I was busy last week and let the LCT Review slide until some friends reminded me about it on Superbowl Sunday. They took issue with the same article I had a problem with: Tony Larsen's taken on why the human species is incapable of affecting the environment. I forced myself not to read this week's edition until finishing a comment on last week, so here we go....
In “An Environmental Blind Spot in Human Perception” Staff writer Tony Larsen takes issue with the news about human influence on the global environment. The main thrust of Larsen’s argument is that humans are too insignificant a species to present any kind of an environmental threat. Humans are dwarfed by the huge scale of our planet and the vastness of the known universe. He writes:
Like our earth’s relationship to its sun in both size and distance, we are only a miniscule part of a massive ecosystem, which is, in reality, globally impervious to our influence. We hardly come up on nature’s radar.

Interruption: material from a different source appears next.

(* A net $A:\mathcal{V}(X)\to\mathbf{CStar}_{inc}$ is local if and only if for every pair $(O_1,O_2)$ of spacelike separated elements of $\mathcal{V}(X)$ the monotone map $$r: C(A(O_1\vee O_2))\to C(A(O_1))\times C(A(O_2)),\qquad C\mapsto (C\cap A(O_1),\,C\cap A(O_2))$$ has a left adjoint.
   Context: $X$ is a Lorentzian manifold. Two subsets are spacelike separated if no timelike or lightlike curve joins any of their points. For an open $O$, $O'$ is the interior of the set of points spacelike separated from $O$; $\mathcal{V}(X)$ is the poset of connected opens with $O''=O$ under inclusion, and $O_1\vee O_2$ their join in $\mathcal{V}(X)$. All C*-algebras are unital; $\mathbf{CStar}_{inc}$ has injective *-homomorphisms as arrows. A net is a functor $A:\mathcal{V}(X)\to\mathbf{CStar}_{inc}$, all $A(O)$ viewed as subalgebras of $A(X)$; it is local if for spacelike separated $O_1,O_2$, $A(O_1)$ and $A(O_2)$ commute elementwise in $A(O_1\vee O_2)$. $C(B)$ is the poset of commutative C*-subalgebras of $B$. *)

theory Defs
  imports "HOL-Analysis.Analysis"
begin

This would be a true statement except for a couple of things. It ignores data from biology on species extinctions; it ignores data from ecology on habitat loss; it ignores data from climatology on global warming; it ignores data from fisheries on the loss of major economic fish stocks; it ignores data from conservation biology on poaching and over-hunting; it ignores zoological data on the rising number of threatened and endangered species worldwide; it ignores oceanic data on levels of toxic waste accumulating in the earth’s oceans; it ignores health, potable water and food shortage data from developing countries who are clearly outstripping their resources through overpopulation; it ignores the increasing threat of humans releasing chemical, nuclear or biological weapons; it ignores substantially more…
Finally, it ignores data from history, archaeology, and paleoenvironmental research, which demonstrates humans’ unfailing and increasing ability to modify the environment around them, often to the detriment of their own existence. The historical and archaeological records are strewn with the debris of cultures that collapsed from their accumulated effects to the environment.

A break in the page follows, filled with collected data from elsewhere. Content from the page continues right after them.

text \<open>The contraction estimate: if N v stays e-close to a coercive B (with Re <w, B w> <=
  -alpha |w|^2) along a short step, then |z(t + h)|^2 <= (1 - alpha h) |z(t)|^2.  The proof
  expands |z t + D|^2 for the increment D, which is h B z(t) up to an error of order
  (e + K^2 h) h |z t|.\<close>

lemma coercive_contraction_step:
  fixes z :: "real \<Rightarrow> complex^'n" and N :: "real \<Rightarrow> complex^'n^'n"
  assumes h: "0 < h" and e: "0 \<le> e" and K: "0 \<le> K"
    and coer: "\<And>w. inner w (B *v w) \<le> - \<alpha> * (norm w)^2"
    and small: "4 * e + 8 * K^2 * h \<le> \<alpha>"
    and int: "((\<lambda>v. N v *v z v) has_integral (z (t+h) - z t)) {t..t+h}"
    and grow: "\<And>v. v \<in> {t..t+h} \<Longrightarrow> norm (z v) \<le> 2 * norm (z t)"
    and near: "\<And>v. v \<in> {t..t+h} \<Longrightarrow> norm (z v - z t) \<le> 2 * K * h * norm (z t)"
    and close: "\<And>v w. v \<in> {t..t+h} \<Longrightarrow> norm ((N v - B) *v w) \<le> e * norm w"
    and B_bnd: "\<And>w. norm (B *v w) \<le> K * norm w"
  shows "norm (z (t+h))^2 \<le> (1 - \<alpha> * h) * norm (z t)^2"
proof -
  define x where "x = norm (z t)"
  define D where "D = z (t+h) - z t"
  define Bz where "Bz = B *v z t"
  have x0: "0 \<le> x" by (simp add: x_def)
  have D_bnd: "norm D \<le> 2 * K * h * x"
    using near[of "t+h"] h by (simp add: D_def x_def)
  have rest_bnd: "norm (N v *v z v - Bz) \<le> 2 * (e + K^2 * h) * x" if v: "v \<in> {t..t+h}" for v
  proof -
    have "N v *v z v - Bz = (N v - B) *v z v + B *v (z v - z t)"
      by (simp add: Bz_def matrix_vector_mult_diff_rdistrib matrix_vector_right_distrib algebra_simps)
    hence "norm (N v *v z v - Bz) \<le> norm ((N v - B) *v z v) + norm (B *v (z v - z t))"
      by (simp add: norm_triangle_ineq)
    also have "\<dots> \<le> e * norm (z v) + K * norm (z v - z t)"
      using close[OF v, of "z v"] B_bnd[of "z v - z t"] by (rule add_mono)
    also have "\<dots> \<le> e * (2 * x) + K * (2 * K * h * x)"
      using grow[OF v] near[OF v] e K unfolding x_def by (intro add_mono mult_left_mono)
    finally show ?thesis by (simp add: algebra_simps power2_eq_square)
  qed
  have "((\<lambda>v. N v *v z v - Bz) has_integral (D - h *\<^sub>R Bz)) (cbox t (t+h))"
    using has_integral_diff[OF int has_integral_const_real[of Bz t "t+h"]] h by (simp add: D_def)
  from has_integral_bound[OF _ this] rest_bnd e K x0 h
  have rest: "norm (D - h *\<^sub>R Bz) \<le> 2 * (e + K^2 * h) * x * h" by simp
  have main_part: "h * inner (z t) Bz \<le> h * (- \<alpha> * x^2)"
    using coer[of "z t"] h unfolding Bz_def x_def by (intro mult_left_mono) auto
  have "inner (z t) (D - h *\<^sub>R Bz) \<le> x * norm (D - h *\<^sub>R Bz)"
    using norm_cauchy_schwarz[of "z t" "D - h *\<^sub>R Bz"] by (simp add: x_def)
  also have "\<dots> \<le> x * (2 * (e + K^2 * h) * x * h)" using rest x0 by (rule mult_left_mono)
  finally have error_part: "inner (z t) (D - h *\<^sub>R Bz) \<le> x * (2 * (e + K^2 * h) * x * h)" .
  have "inner (z t) D = h * inner (z t) Bz + inner (z t) (D - h *\<^sub>R Bz)"
    by (simp add: inner_diff_right)
  also have "\<dots> \<le> h * (- \<alpha> * x^2) + x * (2 * (e + K^2 * h) * x * h)"
    using main_part error_part by (rule add_mono)
  finally have inner_D: "inner (z t) D \<le> h * (- \<alpha> * x^2) + x * (2 * (e + K^2 * h) * x * h)" .
  have "norm (z (t+h))^2 = norm (z t + D)^2" by (simp add: D_def)
  also have "\<dots> = x^2 + 2 * inner (z t) D + (norm D)^2"
    by (simp add: x_def power2_norm_eq_inner inner_add_left inner_add_right inner_commute)
  also have "\<dots> \<le> x^2 + 2 * (h * (- \<alpha> * x^2) + x * (2 * (e + K^2 * h) * x * h)) + (2 * K * h * x)^2"
    using inner_D power_mono[OF D_bnd norm_ge_zero, of 2] by (intro add_mono order_refl mult_left_mono) auto
  also have "\<dots> = (1 - \<alpha> * h) * x^2 + x^2 * h * (4 * e + 8 * K^2 * h - \<alpha>)"
    by (simp add: algebra_simps power2_eq_square)
  also have "\<dots> \<le> (1 - \<alpha> * h) * x^2"
    using small h by (simp add: mult_nonneg_nonpos del: diff_ge_0_iff_ge)
  finally show ?thesis by (simp add: x_def)
qed

lemma tendsto_zero_by_step_contraction:
  fixes z :: "real \<Rightarrow> 'a::real_normed_vector"
  assumes h: "0 < h" and q: "0 \<le> q" "q < 1" and C: "0 \<le> C"
    and bounded: "\<And>t u. t \<ge> T \<Longrightarrow> u \<in> {t..t+h} \<Longrightarrow> norm (z u) \<le> C * norm (z t)"
    and contract: "\<And>t. t \<ge> T \<Longrightarrow> norm (z (t+h)) \<le> q * norm (z t)"
  shows "(z \<longlongrightarrow> 0) at_top"
proof -
  have grid: "norm (z (T + real k * h)) \<le> q^k * norm (z T)" for k
  proof (induction k)
    case (Suc k)
    have "norm (z (T + real (Suc k) * h)) \<le> q * norm (z (T + real k * h))"
      using contract[of "T + real k * h"] h by (simp add: algebra_simps)
    also have "\<dots> \<le> q * (q^k * norm (z T))" using Suc q by (intro mult_left_mono)
    finally show ?case by simp
  qed simp
  have bound: "norm (z u) \<le> C * norm (z T) * q^k" if "k \<le> (u - T) / h" for k :: nat and u
  proof -
    define r where "r = (u - T) / h"
    define k' where "k' = nat \<lfloor>r\<rfloor>"
    have r: "real k' \<le> r" "r < real k' + 1" "k \<le> k'"
      using that by (auto simp: r_def k'_def le_nat_floor)
    have k': "T + real k' * h \<le> u" "u \<le> T + real k' * h + h" "k \<le> k'"
      using r h by (auto simp: r_def field_simps)
    have "norm (z u) \<le> C * norm (z (T + real k' * h))"
      using bounded[of "T + real k' * h" u] k' h by auto
    also have "\<dots> \<le> C * (q^k' * norm (z T))" using grid C by (intro mult_left_mono)
    also have "\<dots> \<le> C * (q^k * norm (z T))"
      using C q by (intro mult_left_mono mult_right_mono power_decreasing k'(3)) auto
    finally show ?thesis by (simp add: mult_ac)
  qed
  show ?thesis
  proof (rule tendstoI)
    fix \<epsilon> :: real assume "\<epsilon> > 0"
    moreover have "(\<lambda>k. C * norm (z T) * q^k) \<longlonglongrightarrow> C * norm (z T) * 0"
      by (intro tendsto_mult tendsto_const LIMSEQ_power_zero) (use q in auto)
    ultimately obtain k where k: "C * norm (z T) * q^k < \<epsilon>"
      by (metis (no_types, lifting) eventually_sequentially lessThan_iff mult_zero_right order_tendstoD(2) order.refl)
    have "eventually (\<lambda>u. real k \<le> (u - T) / h) at_top"
      using h by (intro eventually_ge_at_top[of "T + real k * h", THEN eventually_mono])
        (simp add: field_simps)
    thus "eventually (\<lambda>u. dist (z u) 0 < \<epsilon>) at_top"
      by (rule eventually_mono) (use bound k in fastforce)
  qed
qed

For Larsen, data do not seem to matter. It’s all just about perception:
The way we see environmental issues in today’s charged political climate is due to a classic blind spot in human perception, causing us to commit egregious and costly errors. If we do not soon improve our vision with the corrected lenses of reason, logic and common sense, our present course could be disastrous to future generations.
In making this argument, Larsen himself appears to fall victim to another “perceptual blind spot” that is also endemic to humans: that of allowing our capacity for self-reflection to delude us into believing that humans are somehow special and created apart from the rest of the universe. Such mythology is reinforced in countless religious texts and ceremonies, but is it not an illusion of our own making? After all, it has been wisely stated that man made god in his own image, and not the other way around.
I do not know Larsen’s personal religious convictions (although the fact that he works as staff for the Lassen County Times would lead me to a particular conclusion). Regardless, his argument further appears to follow the spirit, if not the substance, of a biblical literalist worldview which claims that such “natural” phenomena such as life origins, species evolution, geologic processes, and of course, environmental change follow the will of a divine intelligence and are by definition beyond the influence of humans. While not specifically the “The-Rapture-Is-Coming-So-There-Is-Nothing-We-Can-Do-Anyway” argument, I suspect Larsen’s thesis hides more than his written word admits. If so, then Larsen’s basis for claiming human insignificance lacks the historic and scientific validation necessary to view the world through the “…corrected lenses of reason, logic and common sense” as he suggests we humans should do. If his view is not tainted with religious conviction, then it is just an ignorant statement about the nature of science and our real understanding of the universe that we humbly occupy.
Larsen’s view also misses the point. I would agree that at least on a certain level and in the larger scheme of things, humans lack the capacity to seriously impact the planet. But environmentalism has never really been about the fate of the planetary environment, although it is often discussed in those terms. It is ultimately about the fate of the human species. The planet, life, the universe…these are not dependent upon conditions here on the Earth’s surface. The human species is. Pollute the air and the water, set off a nuclear holocaust, kill most of the species on the planet, double the rate of atmospheric warming…the processes of cosmic and organic evolution will simply continue, replacing current life with something else. Humans have no ability to thwart natural selection…a process more powerful than the perceived capabilities of any Designer invented by human culture. Nature will simply yawn at our passing and fill the void with something new and perhaps less arrogant about the purpose behind its existence.
It further reminds me of a poem by Sarah Teasdale, the last verses I provide for you here:
And not one will know of the war, not one
Will care at last when it is done.
Not one would mind, neither bird nor tree
If mankind perished utterly;
And Spring herself, when she woke at dawn,
Would scarcely know that we were gone.